La Comadre Sebastiana

(mexicano)

Éste era un hombre pobre que se mantenía trayendo leña del monte para venderla en la ciudad. El día en que podía vender leña, comían él y su familia. El día en que no vendía nada, se quedaban sin comer. Así estuvo viviendo durante mucho tiempo. Pero un día en que tenía mucha hambre, decidió robarle una gallina a su mujer. Se fue al gallinero, sacó una gallina y la mató. Entonces se fue al monte, hizo lumbre y puso la gallina a asar. El leñador estaba preparando la gallina, echándole picante y preparando el caldo cuando, de repente, sintió a alguien arrimándose adonde él estaba, y pensó: «¡Válgame Dios! ¿Es que no me van a dejar comer? No le convidaré a comer».

—¿Cómo le va, amigo? —le dijo el hombre cuando llegó.

—¿Qué húbole, amigo? ¿Quién es usted?

—Pues yo soy el Señor Dios. ¿Qué? ¿No me da de comer?

—No, no le doy de comer a usted, porque usted a los ricos les da mucho y a los pobres no les da nada. No nos trata a todos igual. Así que no le doy de comer.

Se fue el Señor muy triste. Al poco rato el leñador vio venir a otra persona y era María Santísima.

—¿Cómo le va, amigo? —le dijo ella cuando llegó.

—¿Qué húbole, amiga? ¿Quién es usted?

—Pues yo soy María Santísima. ¿Qué? ¿No me da de comer?

—No, no le doy de comer a usted, porque, siendo usted la madre de Jesús, ¿por qué no intercede ante su hijo para que nos haga a todos iguales, o a todos ricos, o a todos pobres? No como ahora, que a unos los hace muy ricos y a otros los hace muy pobres, y yo soy uno de los pobres. No, no la convido a mi gallina.

Cuando se fue María Santísima, al poco rato vio venir a otra persona conduciendo una carreta que volaba por los aires: era la Muerte.

—¿Cómo le va, amigo? —le dijo ella cuando llegó.

—¿Qué húbole, amiga? ¿Quién es usted?

—Yo soy la Muerte. Pero puede llamarme Comadre Sebastiana. ¿Qué? ¿No me da de comer?

—Pues si usted es la Muerte, está muy flaca. A usted sí la convido porque usted hace sus cosas muy bien hechas. Usted no favorece al millonario por rico, ni se ensaña con el pobre por pobre, trata igual al lindo que al feo, al viejo que al muchacho. A todos, cuando les llega la hora, a todos se los lleva por igual.

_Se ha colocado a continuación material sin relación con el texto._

lemma jordan_nf_perm_mat_split_cycle:
  assumes p: "prime (CHAR('a::field))" and L: "L = CHAR('a) ^ j" "L \<le> m"
    and \<sigma>: "\<sigma> permutes {..<m}" and cycle: "\<And>i. i < L \<Longrightarrow> \<sigma> i = (i + L - 1) mod L"
    and jnf: "jordan_nf (perm_mat (m - L) (perm_tail L \<sigma>) :: 'a mat) n_as"
  shows "jordan_nf (perm_mat m \<sigma> :: 'a mat) ((L, 1) # n_as)"
proof -
  have "0 < L" using p L(1) by (simp add: prime_gt_0_nat)
  hence \<sigma>L: "\<sigma> i < L" if "i < L" for i using cycle[OF that] by simp
  have "perm_mat L \<sigma> = (perm_mat L (\<lambda>t. (t + L - 1) mod L) :: 'a mat)"
    by (rule perm_mat_cong) (simp add: cycle)
  hence head: "similar_mat (perm_mat L \<sigma> :: 'a mat) (jordan_block L 1)"
    using down_cycle_similar_jordan_block[OF p L(1)] by simp
  have "jordan_nf (four_block_mat (perm_mat L \<sigma>) (0\<^sub>m L (m - L)) (0\<^sub>m (m - L) L)
      (perm_mat (m - L) (perm_tail L \<sigma>)) :: 'a mat) ((L, 1) # n_as)"
    by (rule jordan_nf_four_block_Cons[OF _ head \<open>0 < L\<close> _ jnf]) simp_all
  thus ?thesis by (simp only: perm_mat_four_block[OF \<sigma> \<sigma>L L(2)])
qed

theorem perm_mat_jordan_nf:
  assumes p: "prime (CHAR('a::field))" and q: "q = CHAR('a) ^ e" and \<tau>: "is_C_set q m \<tau>"
  shows "\<exists>n_as. jordan_nf (perm_mat m \<tau> :: 'a mat) n_as \<and> (\<forall>(k,a)\<in>set n_as. a = 1) \<and>
    length (filter (\<lambda>(k,a). k = 1) n_as) = card {x. x < m \<and> \<tau> x = x}"
  using \<tau>
proof (induction m arbitrary: \<tau> rule: less_induct)
  case (less m \<tau>)
  show ?case
  proof (cases "m = 0")
    case True
    thus ?thesis using jordan_nf_perm_mat_0[where 'a = 'a] by (intro exI[of _ "[]"]) auto
  next
    case False
    have "0 < q" using p q by (simp add: prime_gt_0_nat)
    with less.prems False obtain L \<rho> where L: "0 < L" "L \<le> m" "L dvd q" and \<rho>: "\<rho> permutes {..<m}"
      and cycle: "\<And>i. i < L \<Longrightarrow> inv \<rho> (\<tau> (\<rho> i)) = (i + L - 1) mod L"
      by (elim C_set_split_cycle) auto
    define \<sigma> where "\<sigma> = inv \<rho> \<circ> \<tau> \<circ> \<rho>"
    have \<sigma>: "is_C_set q m \<sigma>" unfolding \<sigma>_def by (rule is_C_set_conj[OF less.prems \<rho>])
    hence \<sigma>perm: "\<sigma> permutes {..<m}" by (simp add: is_C_set_def)
    have \<sigma>cycle: "\<sigma> i = (i + L - 1) mod L" if "i < L" for i using cycle[OF that] by (simp add: \<sigma>_def)
    hence \<sigma>L: "\<sigma> i < L" if "i < L" for i using that L(1) by simp
    obtain j where "L = CHAR('a) ^ j" using L(3) divides_primepow_nat[OF p] unfolding q by auto
    obtain n_as where jnf: "jordan_nf (perm_mat (m - L) (perm_tail L \<sigma>) :: 'a mat) n_as"
      and ev: "\<forall>(k,a)\<in>set n_as. a = 1"
      and cnt: "length (filter (\<lambda>(k,a). k = 1) n_as) = card {y. y < m - L \<and> perm_tail L \<sigma> y = y}"
      using less.IH[OF _ is_C_set_perm_tail[OF \<sigma> \<sigma>L]] L(1) False by auto
    have "jordan_nf (perm_mat m \<tau> :: 'a mat) ((L, 1) # n_as)"
      using less.prems jordan_nf_perm_mat_split_cycle[OF p \<open>L = CHAR('a) ^ j\<close> L(2) \<sigma>perm \<sigma>cycle jnf]
      unfolding \<sigma>_def is_C_set_def by (blast intro: jordan_nf_similar similar_perm_mat_conj[OF _ \<rho>])
    moreover have "card {x. x < m \<and> \<tau> x = x}
        = (if L = 1 then 1 else 0) + card {y. y < m - L \<and> perm_tail L \<sigma> y = y}"
      using card_fixpoints_conj[OF \<rho>, of \<tau>, folded \<sigma>_def]
        card_fixpoints_split_cycle[OF \<sigma>perm L(2) \<sigma>cycle] by simp
    ultimately show ?thesis using ev cnt by (intro exI[of _ "(L, 1) # n_as"]) auto
  qed
qed

section \<open>Exterior powers of the regular module\<close>

definition cyclic_shift :: "nat \<Rightarrow> nat \<Rightarrow> nat" where
  "cyclic_shift q i = (if i < q then (i + 1) mod q else i)"

lemma regular_mat_cyclic_shift: "regular_mat q = perm_mat q (cyclic_shift q)"
  unfolding regular_mat_def cyclic_shift_def ..

lemma funpow_cyclic_shift: "x < q \<Longrightarrow> (cyclic_shift q ^^ k) x = (x + k) mod q"
  by (induction k) (simp_all add: cyclic_shift_def mod_Suc_eq)
lemma sym_index_surj: "\<exists>i j. sym_index i j = k"
  using exhaust_6[of k] by (metis sym_index_simps)

definition sym_mat :: "'a^6 \<Rightarrow> 'a^3^3" where
  "sym_mat z = (\<chi> i j. z $ sym_index i j)"

lemma sym_mat_nth [simp]: "sym_mat z $ i $ j = z $ sym_index i j"
  by (simp add: sym_mat_def)

lemma sym_mat_commute: "sym_mat z $ i $ j = sym_mat z $ j $ i"
  by (simp add: sym_index_commute)

lemma transpose_sym_mat: "transpose (sym_mat z) = sym_mat z"
  by (simp add: vec_eq_iff transpose_def sym_index_commute)

lemma sym_mat_inject: "sym_mat z = sym_mat z' \<longleftrightarrow> z = z'"
  unfolding vec_eq_iff by (metis sym_index_surj sym_mat_nth)

lemma sym_mat_ver: "sym_mat (ver y) = outer y"
proof -
  have "ver y $ sym_index i j = y$i * y$j" for i j
    using exhaust_3[of i] exhaust_3[of j] by (auto simp: ver_def mult.commute)
  then show ?thesis by (simp add: vec_eq_iff)
qed

section \<open>Conics and the planes they span on the Veronese surface\<close>

lemma isotropic_vector_exists:
  fixes Q :: "complex^3^3"
  assumes "transpose Q = Q"
  obtains y where "y \<noteq> 0" "bil Q y y = 0"
proof (cases "Q$1$1 = 0")
  case True
  have "bil Q (vector [1, 0, 0]) (vector [1, 0, 0]) = 0"
    using True by (simp add: bil_def dot_3 matrix_vector_mult_def sum_3)
  moreover have "(vector [1, 0, 0] :: complex^3) \<noteq> 0" by (simp add: vector3_eq_0_iff)
  ultimately show ?thesis using that by blast
next
  case False
  have Q21: "Q$2$1 = Q$1$2" using assms unfolding vec_eq_iff transpose_def by simp
  \<comment> \<open>a root of \<open>Q\<^sub>1\<^sub>1 r\<^sup>2 + 2 Q\<^sub>1\<^sub>2 r + Q\<^sub>2\<^sub>2\<close>\<close>
  define r where "r = (- Q$1$2 + csqrt ((Q$1$2)\<^sup>2 - Q$1$1 * Q$2$2)) / Q$1$1"
  have "Q$1$1 * r\<^sup>2 + 2 * Q$1$2 * r + Q$2$2
      = ((- Q$1$2 + csqrt ((Q$1$2)\<^sup>2 - Q$1$1 * Q$2$2))\<^sup>2 + 2 * Q$1$2 * (- Q$1$2 + csqrt ((Q$1$2)\<^sup>2 - Q$1$1 * Q$2$2))
          + Q$1$1 * Q$2$2) / Q$1$1"
    using False by (simp add: r_def power2_eq_square field_simps)
  also have "\<dots> = 0" by (simp add: power2_eq_square algebra_simps) (simp add: power2_csqrt[unfolded power2_eq_square])
  finally have "bil Q (vector [r, 1, 0]) (vector [r, 1, 0]) = 0"
    using Q21 by (simp add: bil_def dot_3 matrix_vector_mult_def sum_3 algebra_simps power2_eq_square)
  moreover have "(vector [r, 1, 0] :: complex^3) \<noteq> 0" by (simp add: vector3_eq_0_iff)
  ultimately show ?thesis using that by blast
qed
lemma expect_exp_deriv:
  "((\<lambda>z. ising_expect n \<beta> (\<lambda>\<sigma>. exp (z * magnetization n \<sigma>))) has_real_derivative
     (\<Sum>\<sigma>\<in>configs n. ising_weight n \<beta> \<sigma> / partition_fn n \<beta> * (exp (magnetization n \<sigma> * z) * magnetization n \<sigma>))) (at z)"
  unfolding expect_exp_eq by (intro DERIV_sum DERIV_cmult) (auto intro!: derivative_eq_intros)

lemma fps_expansion_at0: "f has_fps_expansion F \<Longrightarrow> f 0 = fps_nth F 0"
  by (auto simp: has_fps_expansion_def eval_fps_at_0 dest: eventually_nhds_x_imp_x)

lemma funpow_deriv_fps: "g has_fps_expansion G \<Longrightarrow> (deriv ^^ k) g has_fps_expansion (fps_deriv ^^ k) G"
  by (induction k) (auto intro: has_fps_expansion_deriv)

lemma cumulant_log_deriv:
  assumes "s \<ge> 1"
  shows "cumulant_M n \<beta> s = fact (s - 1) * fps_nth (fps_deriv (mgf_fps n \<beta>) / mgf_fps n \<beta>) (s - 1)"
proof -
  define f where "f = (\<lambda>z. ising_expect n \<beta> (\<lambda>\<sigma>. exp (z * magnetization n \<sigma>)))"
  have dl: "deriv (\<lambda>z. ln (f z)) = (\<lambda>z. deriv f z / f z)"
  proof
    fix z
    obtain D where D: "(f has_real_derivative D) (at z)"
      using expect_exp_deriv unfolding f_def by blast
    then have "deriv f z = D" by (rule DERIV_imp_deriv)
    then have fd: "(f has_real_derivative deriv f z) (at z)" using D by simp
    have "(ln has_real_derivative 1 / f z) (at (f z))"
      by (rule DERIV_ln_divide) (simp add: f_def expect_exp_pos)
    then have "((\<lambda>z. ln (f z)) has_real_derivative (1 / f z * deriv f z)) (at z)"
      by (rule DERIV_chain2[OF _ fd])
    then show "deriv (\<lambda>z. ln (f z)) z = deriv f z / f z"
      by (simp add: DERIV_imp_deriv)
  qed
  have fe: "(\<lambda>z. deriv f z / f z) has_fps_expansion fps_deriv (mgf_fps n \<beta>) / mgf_fps n \<beta>"
    using expect_exp_fps mgf_fps_nth0 unfolding f_def
    by (intro has_fps_expansion_divide' has_fps_expansion_deriv) auto
  obtain k where k: "s = Suc k" using assms by (cases s) auto
  have "cumulant_M n \<beta> s = (deriv ^^ k) (deriv (\<lambda>z. ln (f z))) 0"
    unfolding cumulant_M_def k f_def by (simp only: funpow_Suc_right o_apply)
  also have "\<dots> = (deriv ^^ k) (\<lambda>z. deriv f z / f z) 0"
    by (simp only: dl)
  also have "\<dots> = fps_nth ((fps_deriv ^^ k) (fps_deriv (mgf_fps n \<beta>) / mgf_fps n \<beta>)) 0"
    by (rule fps_expansion_at0[OF funpow_deriv_fps[OF fe]])
  also have "\<dots> = fact (s - 1) * fps_nth (fps_deriv (mgf_fps n \<beta>) / mgf_fps n \<beta>) (s - 1)"
    by (simp add: fps_0th_higher_deriv k)
  finally show ?thesis .
qed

Y juntos, la Muerte y el leñador, se comieron la gallina. Cuando acabaron de comer, la Muerte le dijo al leñador que le pidiera lo que quisiera y él dijo:

—Señora, ¿qué quiere que le pida a usted que parece que está en tanta necesidad? Si usted quiere darme algo, deme lo que a usted le nazca.

—Pues voy a darte la gracia de que seas curandero. Pero te voy a advertir una cosa: cuando tú vayas a curar a un enfermo y me veas a la cabecera, no lo cures. Aunque te paguen lo que te paguen, te prometan lo que te prometan, no lo cures. Ya ése no tiene más remedio que morir. Si me ves a los pies, cúralo con agua, tierra o polvo. Se levantará güeno y sano.

Y así fue como el leñador se hizo curandero y estuvo curando a muchos enfermos. Le iba muy bien: curaba con agua y tierra y la gente le pagaba con comidas y otros bienes. El último a quien curó fue a un rey, el más rico que había en todo el mundo. Ahí quebrantó la condición que le había pedido la Muerte. Cuando entró él en la casa donde estaba el rico, encontró a la Muerte a la cabecera de la cama del enfermo. Pero él la empujó hasta que la puso a los pies de la cama y ahí se quedó la Muerte, muy enfadada. Entonces, curó al rey.

Cuando volvía por el camino, le salió la Muerte al curandero:

—Has faltado a la promesa que me hiciste cuando te hice curandero. ¿No te dije que no curaras cuando estuviera a la cabecera?

Y lo metió para un cuarto y le enseñó dos velas, una de las velas ya se iba acabando, y la otra estaba muy larga.

—¿Ves esta vela? Como has faltado a tu promesa, ahora tu vela es la que debería tener el enfermo: la chiquita. Y la del rey al que has salvado por tu codicia es la que antes era tuya: la grande.

En ese momento, la llama de la vela chiquita se apagó, y el alma del curandero fue a unirse con las otras en la carreta de la Comadre Sebastiana, que rueda despacito por toda la eternidad.